The students tried to heed to him but could not and after the fashion of the wayward class, the noise amounted to the maximum after a strained silence for two minutes. He said nothing but looked resigned. When the noise became a volley of indiscernible sounds, as if he could no longer bear it, he gave an exasperated sigh and put his hands to his face again. The bell finally rang and he gladly dismissed the class for the interval. He knew instinctively that she would approach him and ask him if he was okay, so he got up with effort and as she came near him, motioned her to go saying he was fine.
“Oh, don’t look so annoyed. Is it a fever?”
“Well, how else does it look?” he asked her, irritated.
“Why did you come, then? Can’t you take a leave?”
“I thought I would feel better after some time” he answered and feeling his knees feel weak, he quietly sat down.
“I am going to ask at the college clinic for some metacin, wait here” she told.
“Oh, good gracious, no! The best thing you can do right now for me would be to leave me be. I plan on visiting the doctor as soon as the day is over. I am touched by your concern but I am fine. Do leave now!” he pleaded.
“Are you sure?” she asked and he suddenly laughed.
“What?” she said, happy to see him happy.
“It’s as if you are singing, sometimes. Do you have an Irish descent?” he asked her, comically.
“Is it so? Yes, Meg tells me that, sometimes. And no I am not Irish, be you English?” she asked him coyly.
“If it will get you to leave, yes, I am, very much so”.
“Come on, you can’t be completely English”.
“Why not?” he asked her, not even looking up, knowing by ample experience that she would only end up doing what she wanted and would only leave him alone when she felt like doing so.
“You’re not that fair.

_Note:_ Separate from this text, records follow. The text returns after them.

(* Let $d\ge1$, $R_y>0$, $\sigma>0$. Define $t_1(\boldsymbol x)=\boldsymbol x$ and $t_2(\boldsymbol x)\in\mathbb{R}^{d_2}$ as the vector with entries $x_i^2$ ($1\le i\le d$) and $\sqrt2\,x_ix_j$ ($1\le i<j\le d$), $d_2=d(d+1)/2$. For records $(\boldsymbol x,y)$ with $\|\boldsymbol x\|_2\le 1$ and $y$ a nonnegative integer with $y\le R_y$, consider $\mathcal M(\boldsymbol x,y)=\big(t_1(\boldsymbol x),t_2(\boldsymbol x),y\,t_1(\boldsymbol x),y\,t_2(\boldsymbol x)\big)+\mathcal N(0,\sigma^2 I)$. Then the optimal $(\epsilon,\delta)$-DP guarantee for $\mathcal M$ (with respect to replacing one record by another satisfying the same constraints) is obtained by considering the Gaussian mechanism with noise variance $\sigma^2$ and $L_2$-sensitivity $\Delta=\sqrt{4\tfrac12\,(1+R_y^2)}=\sqrt{\tfrac92(1+R_y^2)}$; i.e., $\mathcal M$ is $(\epsilon,\delta)$-DP whenever $\Phi(\frac{\Delta}{2\sigma}-\frac{\epsilon\sigma}{\Delta})-e^{\epsilon}\Phi(-\frac{\Delta}{2\sigma}-\frac{\epsilon\sigma}{\Delta})\le\delta$.
   Context: A randomized mechanism $\mathcal M$ is $(\epsilon,\delta)$-DP if for all neighbouring inputs $D\sim D'$ (differing by replacement of one record) and all measurable $O$, $\Pr[\mathcal M(D)\in O]\le e^{\epsilon}\Pr[\mathcal M(D')\in O]+\delta$. The Gaussian mechanism with $L_2$-sensitivity $\Delta$ and noise $\mathcal N(0,\sigma^2 I)$ is $(\epsilon,\delta)$-DP iff $\Phi(\frac{\Delta}{2\sigma}-\frac{\epsilon\sigma}{\Delta})-e^{\epsilon}\Phi(-\frac{\Delta}{2\sigma}-\frac{\epsilon\sigma}{\Delta})\le\delta$, $\Phi$ the standard normal CDF. *)

theory Defs
  imports "HOL-Probability.Probability"
begin
lemma cyclic_variation_sum_diff_le:
  "cyclic_variation_sum (\<lambda>t. f t - g t) n x \<le> cyclic_variation_sum f n x + cyclic_variation_sum g n x"
  unfolding cyclic_variation_sum_def sum.distrib[symmetric] by (rule sum_mono) linarith

lemma cyclic_variation_sum_max_le:
  "cyclic_variation_sum (\<lambda>t. max (f t) (g t)) n x
     \<le> cyclic_variation_sum f n x + cyclic_variation_sum g n x"
  unfolding cyclic_variation_sum_def sum.distrib[symmetric]
  by (rule sum_mono) (simp add: max_def, linarith)

lemma cyclic_variation_sum_one_minus:
  "cyclic_variation_sum (\<lambda>t. 1 - f t) n x = cyclic_variation_sum f n x"
  unfolding cyclic_variation_sum_def by (rule sum.cong) auto

lemma cyclic_variation_sum_indicator_interval:
  assumes "circle_partition n x" and "u < v"
  shows "cyclic_variation_sum (indicator {u<..<v}) n x \<le> 4"
proof -
  have "indicator {u<..<v} = (\<lambda>t. (if u < t then 1 else 0) - (if v \<le> t then 1 else 0 :: real))"
    using assms(2) by (auto simp: indicator_def fun_eq_iff)
  then have "cyclic_variation_sum (indicator {u<..<v}) n x
      \<le> cyclic_variation_sum (\<lambda>t. if u < t then 1 else 0) n x
        + cyclic_variation_sum (\<lambda>t. if v \<le> t then 1 else 0) n x"
    using cyclic_variation_sum_diff_le by metis
  also have "\<dots> \<le> 2 + 2"
    by (intro add_mono cyclic_variation_sum_mono_le[OF assms(1)]) (auto intro: monoI)
  finally show ?thesis by simp
qed

lemma cyclic_variation_sum_indicator_intervals:
  assumes "circle_partition n x" and "\<And>j. j < m \<Longrightarrow> u j < v j"
  shows "cyclic_variation_sum (indicator (\<Union>j<m. {u j<..<v j})) n x \<le> 4 * real m"
  using assms(2)
proof (induction m)
  case 0
  then show ?case by (simp add: cyclic_variation_sum_def)
next
  case (Suc m)
  have "indicator (\<Union>j<Suc m. {u j<..<v j})
      = (\<lambda>t. max (indicator (\<Union>j<m. {u j<..<v j}) t) (indicator {u m<..<v m} t) :: real)"
    by (auto simp: indicator_def fun_eq_iff lessThan_Suc)
  then have "cyclic_variation_sum (indicator (\<Union>j<Suc m. {u j<..<v j})) n x
      \<le> cyclic_variation_sum (indicator (\<Union>j<m. {u j<..<v j})) n x
        + cyclic_variation_sum (indicator {u m<..<v m}) n x"
    using cyclic_variation_sum_max_le by metis
  also have "\<dots> \<le> 4 * real m + 4"
    using Suc by (intro add_mono cyclic_variation_sum_indicator_interval[OF assms(1)]) auto
  finally show ?case by simp
qed

lemma bv_norm_complement_intervals:
  assumes "\<And>j. j < m \<Longrightarrow> u j < v j"
  defines "\<psi> \<equiv> \<lambda>t. 1 - indicator (\<Union>j<m. {u j<..<v j}) t :: real"
  shows "bounded_variation \<psi>" and "0 \<le> bv_norm \<psi>" and "bv_norm \<psi> \<le> 1 + 4 * real m"
proof -
  have "circ_variation \<psi> \<le> ereal (4 * real m)"
    unfolding \<psi>_def
    by (rule circ_variation_le)
      (simp add: cyclic_variation_sum_one_minus cyclic_variation_sum_indicator_intervals assms)
  with circ_variation_nonneg[of \<psi>] obtain w
    where w: "circ_variation \<psi> = ereal w" "0 \<le> w" "w \<le> 4 * real m"
    by (cases "circ_variation \<psi>") auto
  show "bounded_variation \<psi>"
    unfolding bounded_variation_def w by simp
  have "circle \<noteq> {}" "0 \<in> circle"
    by (auto simp: circle_def)
  moreover have "bdd_above ((\<lambda>t. \<bar>\<psi> t\<bar>) ` circle)" "\<And>t. \<bar>\<psi> t\<bar> \<le> 1"
    by (auto intro: bdd_aboveI[of _ 1] simp: \<psi>_def indicator_def)
  ultimately have "0 \<le> (SUP t\<in>circle. \<bar>\<psi> t\<bar>)" "(SUP t\<in>circle. \<bar>\<psi> t\<bar>) \<le> 1"
    by (meson abs_ge_zero cSUP_upper order_trans, meson cSUP_least)
  then show "0 \<le> bv_norm \<psi>" "bv_norm \<psi> \<le> 1 + 4 * real m"
    unfolding bv_norm_def w using w by simp_all
qed

section \<open>Exponential mixing along an arithmetic progression of times\<close>

definition exp_mixing_with :: "real \<Rightarrow> real \<Rightarrow> (real \<Rightarrow> real) \<Rightarrow> bool" where
  "exp_mixing_with C \<theta> T \<longleftrightarrow>
     (\<forall>\<psi> \<phi> (n::nat). \<psi> \<in> borel_measurable circle_measure \<and> bounded_variation \<psi>
        \<and> Linf circle_measure \<phi> \<longrightarrow>
      \<bar>(\<integral>x. \<psi> x * \<phi> ((T ^^ n) x) \<partial>circle_measure)
        - (\<integral>x. \<psi> x \<partial>circle_measure) * (\<integral>x. \<phi> x \<partial>circle_measure)\<bar>
      \<le> C * bv_norm \<psi> * Linf_norm circle_measure \<phi> * exp (- \<theta> * real n))"

lemma exp_mixing_withD:
  assumes "exp_mixing_with C \<theta> T" and "\<psi> \<in> borel_measurable circle_measure"
    and "bounded_variation \<psi>" and "Linf circle_measure \<phi>"
  shows "\<bar>(\<integral>x. \<psi> x * \<phi> ((T ^^ n) x) \<partial>circle_measure)
      - (\<integral>x. \<psi> x \<partial>circle_measure) * (\<integral>x. \<phi> x \<partial>circle_measure)\<bar>
    \<le> C * bv_norm \<psi> * Linf_norm circle_measure \<phi> * exp (- \<theta> * real n)"
  using assms unfolding exp_mixing_with_def by blast

lemma exp_mixing_BV_Linf_iff:
  "exp_mixing_BV_Linf T \<longleftrightarrow> (\<exists>C \<theta>. C > 0 \<and> \<theta> > 0 \<and> exp_mixing_with C \<theta> T)"
  unfolding exp_mixing_BV_Linf_def exp_mixing_with_def ..

lemma Linf_bounded:
  assumes "f \<in> borel_measurable M" and "\<And>x. \<bar>f x\<bar> \<le> 1"
  shows "Linf M f" and "Linf_norm M f \<le> 1"
proof -
  have "esssup M (\<lambda>x. ereal \<bar>f x\<bar>) \<le> 1"
    by (rule esssup_I) (use assms in auto)
  then show "Linf M f" "Linf_norm M f \<le> 1"
    using assms(1) unfolding Linf_def Linf_norm_def
    by (cases "esssup M (\<lambda>x. ereal \<bar>f x\<bar>)"; simp)+
qed

lemma Linf_norm_nonneg:
  assumes "prob_space M"
  shows "0 \<le> Linf_norm M f"
proof -
  have "esssup M (\<lambda>_. 0) \<le> esssup M (\<lambda>x. ereal \<bar>f x\<bar>)"
    by (rule esssup_AE_mono) auto
  then show ?thesis
    unfolding Linf_norm_def using prob_space.emeasure_space_1[OF assms]
    by (intro real_of_ereal_pos) (simp add: esssup_const)
qed

lemma prod_funpow_Suc_shift:
  "(\<Prod>l<Suc L. f ((T ^^ (l * g)) x)) = f x * (\<Prod>l<L. f ((T ^^ (l * g)) ((T ^^ g) x)))"
proof -
  have "f ((T ^^ (Suc l * g)) x) = f ((T ^^ (l * g)) ((T ^^ g) x))" for l
    by (simp only: mult_Suc add.commute[of g] funpow_add comp_apply)
  then show ?thesis
    unfolding prod.lessThan_Suc_shift by simp
qed

text \<open>Each time step \<open>g\<close> decorrelates one more factor of the product, at the cost \<open>D\<close>
  of one application of mixing against the (bounded) remaining product.\<close>
lemma integral_prod_iterates_le:
  fixes T :: "'a \<Rightarrow> 'a" and \<psi> :: "'a \<Rightarrow> real"
  assumes "prob_space M" and T: "T \<in> measurable M M"
    and \<psi>: "\<psi> \<in> borel_measurable M" "\<And>t. 0 \<le> \<psi> t \<and> \<psi> t \<le> 1" and "0 \<le> D"
    and mix: "\<And>\<phi>. Linf M \<phi> \<Longrightarrow>
       \<bar>(\<integral>x. \<psi> x * \<phi> ((T ^^ g) x) \<partial>M) - (\<integral>x. \<psi> x \<partial>M) * (\<integral>x. \<phi> x \<partial>M)\<bar>
         \<le> D * Linf_norm M \<phi>"
  shows "(\<integral>x. (\<Prod>l<L. \<psi> ((T ^^ (l * g)) x)) \<partial>M) \<le> (\<integral>x. \<psi> x \<partial>M) ^ L + real L * D"
proof (induction L)
  case 0
  interpret prob_space M by fact
  show ?case by (simp add: prob_space)
next
  case (Suc L)
  interpret prob_space M by fact
  define a where "a = (\<integral>x. \<psi> x \<partial>M)"
  define \<Phi> where "\<Phi> z = (\<Prod>l<L. \<psi> ((T ^^ (l * g)) z))" for z
  have \<Phi>_meas: "\<Phi> \<in> borel_measurable M"
    unfolding \<Phi>_def
    by (intro borel_measurable_prod measurable_compose[OF measurable_funpow[OF T] \<psi>(1)])
  have "\<bar>\<Phi> z\<bar> \<le> 1" for z
    unfolding \<Phi>_def abs_prod by (rule prod_le_1) (use \<psi>(2) in auto)
  note \<Phi>_Linf = Linf_bounded[OF \<Phi>_meas this]
  have "0 \<le> a"
    unfolding a_def by (rule integral_nonneg_AE) (use \<psi>(2) in auto)
  have "a \<le> 1"
    unfolding a_def
    by (rule integral_le_const)
      (use \<psi> in \<open>auto intro!: integrable_const_bound[where B=1]\<close>)
  have shift: "\<psi> x * \<Phi> ((T ^^ g) x) = (\<Prod>l<Suc L. \<psi> ((T ^^ (l * g)) x))" for x
    unfolding \<Phi>_def prod_funpow_Suc_shift ..
  have "D * Linf_norm M \<Phi> \<le> D"
    using \<Phi>_Linf(2) \<open>0 \<le> D\<close> by (simp add: mult_left_le)
  with mix[OF \<Phi>_Linf(1)]
  have "(\<integral>x. (\<Prod>l<Suc L. \<psi> ((T ^^ (l * g)) x)) \<partial>M) \<le> a * (\<integral>x. \<Phi> x \<partial>M) + D"
    unfolding shift a_def by linarith
  also have "a * (\<integral>x. \<Phi> x \<partial>M) \<le> a * (a ^ L + real L * D)"
    using Suc \<open>0 \<le> a\<close> unfolding \<Phi>_def a_def by (intro mult_left_mono) auto
  also have "\<dots> \<le> a ^ Suc L + real L * D"
    using \<open>0 \<le> a\<close> \<open>a \<le> 1\<close> \<open>0 \<le> D\<close>
    by (simp add: algebra_simps mult_left_le_one_le mult_left_mono)
  finally show ?case
    unfolding a_def by (simp add: algebra_simps)
qed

And besides, there is something peculiarly Indian about you” she said, artfully.
She’d ended up intriguing him as usual.
He looked at her as if waiting for her to reply but seeing she was not responding, he arched an eyebrow.
“That, exactly” she said pointing at it.
“You are English in the way you are gentlemanly, poised and precise. Your speech, your keen sharp eyes that show your involvement and dedication and that resolute, clear cut chin, perhaps. But the charm, dear sire, the distinctly Indian charm that you have in your gestures and your warm, tender nature when you feel moved to exhibit it clearly shows you have Indian roots”.
He looked at her as if untouched, but she knew him by now, and did not mind much. And as if he couldn’t help it further, he burst out laughing.
“And you are certainly a mighty flatterer” he told her.
“Thank you” she told him playfully, with a curtsey.
“Listen Jennifer, take a seat” he told her, becoming grave.
“Now that serious and grave expression, that is certainly snobbish and English” she told him, making him smile.
She did as she was told.
He looked at her cautiously and said, “Are you angry with me?”
“What for?” she asked half heartedly, as if she did not want to speak about it, though she perfectly caught his meaning by his air and look.
“You know what” he said.
“No” she said untruthfully.
“I am truly glad for it, you know, even though I don’t believe it. You can’t help glaring me at times” he said, laughing.
But the sudden reserve that fell upon her face told him he was wrong to bring it up. After a genial chat, the bell rang, and she left him, looking away with sad eyes.